Do you want to hear the good news first or last? It's not actually news but more of a rehash. SOS. Save Our Ship and Same Old Shit. I got a Christmas greeting card from our new health insurer. It was a snow globe with a cheerful winter scene inside. Despite coverage not beginning until the first of the year, I suppose Anthem Blue Shield is trying to butter me up. You know -- all that thank you for entrusting us to insure your good health and looking forward to a wonderful relationship in the new year. Wouldn't it be awesome if their season's greetings included Happy Hellidays and Looking Forward to Ripping You a New One in 2016! I'm thinking about printing the e-card out and using it for target practice -- oh, wait -- I don't own a gun and have already refused to even acknowledge those who believe it's their right or need to carry one. Maybe, instead, I'll use the card to practice spitting, or maybe blowing marijuana smoke rings. Wait -- I haven't really spit on anything or anyone since my sister and I fought over Parcheesi back in the mid-70s, and I don't smoke marijuana despite my fervent belief in its medicinal powers. May the new year knock some sense into our legislators, persuade them that accepting money from Big Pharma and the NRA enslaves you to drugs, fear and death.

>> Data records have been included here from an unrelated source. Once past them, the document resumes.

lemma nn_integral_conditionally_iid:
  assumes ij: "1 \<le> i" "1 \<le> i'" "i \<noteq> i'" "1 \<le> j"
    and h[measurable]: "h \<in> borel_measurable (borel \<Otimes>\<^sub>M borel \<Otimes>\<^sub>M borel)"
  shows "(\<integral>\<^sup>+w. h (X i w, X i' w, Y j w) \<partial>M)
       = (\<integral>\<^sup>+w. \<integral>\<^sup>+x. \<integral>\<^sup>+x'. \<integral>\<^sup>+y. h (x, x', y) \<partial>P2 w \<partial>P1 w \<partial>P1 w \<partial>M)"
proof -
  define I where "I = {1..max i (max i' j)}"
  define Q where "Q = (prob_algebra borel \<Otimes>\<^sub>M prob_algebra borel :: (real measure \<times> real measure) measure)"
  define R where "R = (PiM I (\<lambda>_. borel) :: (nat \<Rightarrow> real) measure)"
  define K where "K = (\<lambda>(p, q). return Q (p, q) \<Otimes>\<^sub>M (PiM I (\<lambda>_. p) \<Otimes>\<^sub>M PiM I (\<lambda>_. q)))"
  define F where "F = (\<lambda>z::(real measure \<times> real measure) \<times> (nat \<Rightarrow> real) \<times> (nat \<Rightarrow> real).
     h (fst (snd z) i, fst (snd z) i', snd (snd z) j))"
  have I: "finite I" "i \<in> I" "i' \<in> I" "j \<in> I" using ij by (auto simp: I_def)
  have F_measurable: "F \<in> borel_measurable (Q \<Otimes>\<^sub>M (R \<Otimes>\<^sub>M R))"
    unfolding F_def R_def using I by measurable
  have [measurable]: "(\<lambda>p. PiM I (\<lambda>_. p)) \<in> prob_algebra borel \<rightarrow>\<^sub>M prob_algebra R"
    unfolding R_def by (rule measurable_PiM_prob_algebra[OF I(1)])
  have K_measurable: "K \<in> Q \<rightarrow>\<^sub>M subprob_algebra (Q \<Otimes>\<^sub>M (R \<Otimes>\<^sub>M R))"
    unfolding K_def Q_def
    by (intro measurable_prob_algebraD measurable_pair_prob measurable_return_prob_space) measurable
  have K_integral: "(\<integral>\<^sup>+z. F z \<partial>K (p, q)) = (\<integral>\<^sup>+x. \<integral>\<^sup>+x'. \<integral>\<^sup>+y. h (x, x', y) \<partial>q \<partial>p \<partial>p)"
    if pq: "(p, q) \<in> space Q" for p q
    using pq I ij(3) unfolding K_def F_def case_prod_conv
    by (intro nn_integral_return_PiM_pair_components) (auto simp: Q_def space_pair_measure space_prob_algebra)
  have distr_eq: "distr M (Q \<Otimes>\<^sub>M (R \<Otimes>\<^sub>M R)) (\<lambda>w. ((P1 w, P2 w), (\<lambda>i\<in>I. X i w, \<lambda>j\<in>I. Y j w)))
      = distr M Q (\<lambda>w. (P1 w, P2 w)) \<bind> K"
    using cond_iid unfolding Q_def R_def K_def I_def .
  have "(\<integral>\<^sup>+w. h (X i w, X i' w, Y j w) \<partial>M)
      = (\<integral>\<^sup>+w. F ((P1 w, P2 w), (\<lambda>i\<in>I. X i w, \<lambda>j\<in>I. Y j w)) \<partial>M)"
    using I by (simp add: F_def)
  also have "\<dots> = (\<integral>\<^sup>+z. F z \<partial>(distr M Q (\<lambda>w. (P1 w, P2 w)) \<bind> K))"
    unfolding distr_eq[symmetric] using F_measurable
    by (subst nn_integral_distr) (simp_all add: Q_def R_def)
  also have "\<dots> = (\<integral>\<^sup>+w. \<integral>\<^sup>+z. F z \<partial>K (P1 w, P2 w) \<partial>M)"
    using K_measurable F_measurable
    by (subst nn_integral_bind[where B = "Q \<Otimes>\<^sub>M (R \<Otimes>\<^sub>M R)"], simp_all, subst nn_integral_distr)
       (auto simp: Q_def intro!: measurable_compose[OF _ nn_integral_measurable_subprob_algebra])
  also have "\<dots> = (\<integral>\<^sup>+w. \<integral>\<^sup>+x. \<integral>\<^sup>+x'. \<integral>\<^sup>+y. h (x, x', y) \<partial>P2 w \<partial>P1 w \<partial>P1 w \<partial>M)"
    by (intro nn_integral_cong K_integral) (auto simp: Q_def space_pair_measure measurable_space[OF P1_measurable] measurable_space[OF P2_measurable])
  finally show ?thesis .
qed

Where was I? Christmas greeting cards from your future health insurer (for whom you've already girded your loins in expectation of the Fight Over Formulary and Non-Formulary Drugs) are irksome and seem a waste of the cloud, no?
Here's some good stuff. I spent a few glorious hours in Sophie's school classroom this morning. I brought fresh donuts and about nine Trader Joe's gingerbread houses for the kids to put together and decorate. They're a rowdy, fun bunch of young men and women. They are Asian and Hispanic and African-American and Caucasian and Christian and Orthodox Jewish and Muslim. They sang Christmas carols, danced and laughed and wiped frosting all over themselves. They worked very hard throwing sprinkles over the roofs and piled the little sugar people up by the front door. The teacher declared awesome mosh pit! and they all giggled. If you need a bit of cheer in your life, if you're completely demoralized by all the bullshit -- by the freedom lovers and gun lovers, by the war mongers and terrorists, by the expressions boots on the ground and collateral damage, by the Federal Reserve -- you should visit a class of young adults with disabilities.
You won't feel gratitude for what you have and what they lack. You'll want what they have and what you lack.